エネルギーミックスを支える現場から―技術者たちの思い―
~国立研究開発法人 産業技術総合研究所 福島再生可能エネルギー研究所(FREA)~
サイエンスライター 瀬戸 文美氏
・国立研究開発法人 産業技術総合研究所 福島再生可能エネルギー研究所(FREA)は、政府の東日本大震災からの復興の基本方針を受け、産総研の新たな研究開発拠点として2014年4月に福島県郡山市に開所した、わが国唯一の再生可能エネルギー(以下、再エネ)に特化した国立研究機関です。広大な敷地内に再エネに関する研究・実験施設と実証フィールドが設置されており、社会実装に向けた研究開発が行われている。
・FREAでは被災地企業に対して企業が有する再エネに関連した技術やノウハウの事業化を支援している。これまで多くの課題について事業化され、非常に高い事業化率を達成している、と所長の古谷博秀さんは説明する。また、福島県では2040年までに消費エネルギーと同等の再エネを生み出すことを目指しているが、その設備の運用保守技術者は世界から必要とされているので、ぜひ若い人たちに参加してもらいたいと語る。
・FREAを拠点に風力発電にかかわる専門的な研究を行う再生可能エネルギー研究センターに所属する研究員の久保徳嗣さんは、風力発電の要である風車の羽根、ブレードと呼ばれる部分の性能向上に関する研究を行っている。福島県の技術を有する企業と連携協力しながら、新しい原理や効果を発見し、新しいデバイスを開発して実際に風車に搭載できたときの達成感を分かち合えるのはうれしい、と語った。
・同じく研究員の粟飯原(あいはら)あやさんは、FREAに日本で初めて導入され、世界にも16台しかないという回転式のレインエロージョン試験装置を使って、雨天時に風車のブレードに雨粒がぶつかると衝撃が発生し損傷が生じるという課題に取り組んでいる。実験と解析を重ね、将来的には試験装置を使った実験結果から実機の風車ブレードで長期間の評価をできるようにしたい、と話した。

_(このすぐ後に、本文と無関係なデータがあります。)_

lemma eventually_I_af_cmult_neg:
  assumes u: "u \<in> Hs s" and F: "0 < f u"
  shows "eventually (\<lambda>t. I_af s p a f (\<lambda>x. t * u x) < 0) (at_right 0)"
proof -
  define A where "A = Hs_norm_sq s u"
  have "eventually (\<lambda>t. t * A / 2 < f u) (at_right 0)"
    using F by (intro order_tendstoD(2)) (auto intro!: tendsto_eq_intros)
  then show ?thesis
    using eventually_at_right_less[of "0 :: real"]
  proof eventually_elim
    case (elim t)
    have "I_af s p a f (\<lambda>x. t * u x) = t * (t * A / 2 - f u) - t powr (p + 1) * nonlinear_term u / (p + 1)"
      using elim by (simp add: I_af_cmult[OF u] fibering_map_def A_def power2_eq_square algebra_simps)
    moreover have "0 \<le> t powr (p + 1) * nonlinear_term u / (p + 1)"
      using p_gt_1 nonlinear_term_nonneg[of u] by simp
    moreover have "t * (t * A / 2 - f u) < 0"
      using elim by (simp add: mult_pos_neg)
    ultimately show ?case
      by linarith
  qed
qed

lemma exists_U1_set_negative_energy:
  assumes "\<exists>u\<in>Hs s. f u \<noteq> 0"
  shows "\<exists>v\<in>U1_set s p a. I_af s p a f v < 0"
proof -
  obtain u where u: "u \<in> Hs s" "f u \<noteq> 0"
    using assms by blast
  define v where "v = (if 0 < f u then u else (\<lambda>x. (- 1) * u x))"
  have v: "v \<in> Hs s" "0 < f v"
    using u Hs_cmult[OF u(1), of "- 1"] dual_Hs_cmult[OF f_dual u(1), of "- 1"] by (auto simp: v_def)
  have "0 < Hs_norm_sq s v"
    using f_bounded[OF v(1)] v(2) Hs_norm_sq_nonneg[of s v] by (auto simp: Hs_norm_def less_le)
  then have "eventually (\<lambda>t. (\<lambda>x. t * v x) \<in> U1_set s p a \<and> I_af s p a f (\<lambda>x. t * v x) < 0)
      (at_right 0)"
    using eventually_cmult_mem_U1_set[OF v(1)] eventually_I_af_cmult_neg[OF v] eventually_conj
    by blast
  then show ?thesis
    using eventually_happens'[OF trivial_limit_at_right_real] by blast
qed

lemma U_set_D:
  assumes "u \<in> U_set s p a"
  shows "u \<in> Hs s" and "0 < Hs_norm_sq s u" and "0 < Lp_norm (p + 1) u"
    and "Hs_norm_sq s u = p * Linf_norm a * Lp_norm (p + 1) u powr (p + 1)"
    and "nonlinear_term u \<le> Hs_norm_sq s u / p"
proof -
  show u: "u \<in> Hs s"
    using assms by (simp add: U_set_def)
  show A: "0 < Hs_norm_sq s u"
    using assms by (intro Hs_norm_sq_pos) (auto simp: U_set_def)
  show eq: "Hs_norm_sq s u = p * Linf_norm a * Lp_norm (p + 1) u powr (p + 1)"
    using assms by (simp add: U_set_def g_fun_def)
  show \<rho>: "0 < Lp_norm (p + 1) u"
    using A eq Lp_norm_nonneg[of "p + 1" u] by (cases "Lp_norm (p + 1) u = 0") auto
  show "nonlinear_term u \<le> Hs_norm_sq s u / p"
    using nonlinear_term_le[OF \<rho>] eq p_gt_1 by (simp add: field_simps)
qed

・今、福島県阿武隈地域では完成すれば国内最大規模となる陸上風力発電施設の建設が進められている。これから風力の大量導入を支える技術を確立することが重要であるとされている中で、国研であるFREAへの期待も高く、若い研究者2人は地域と世界を相手にした国際連携と、幅広いフィールドで活躍することを期待されている。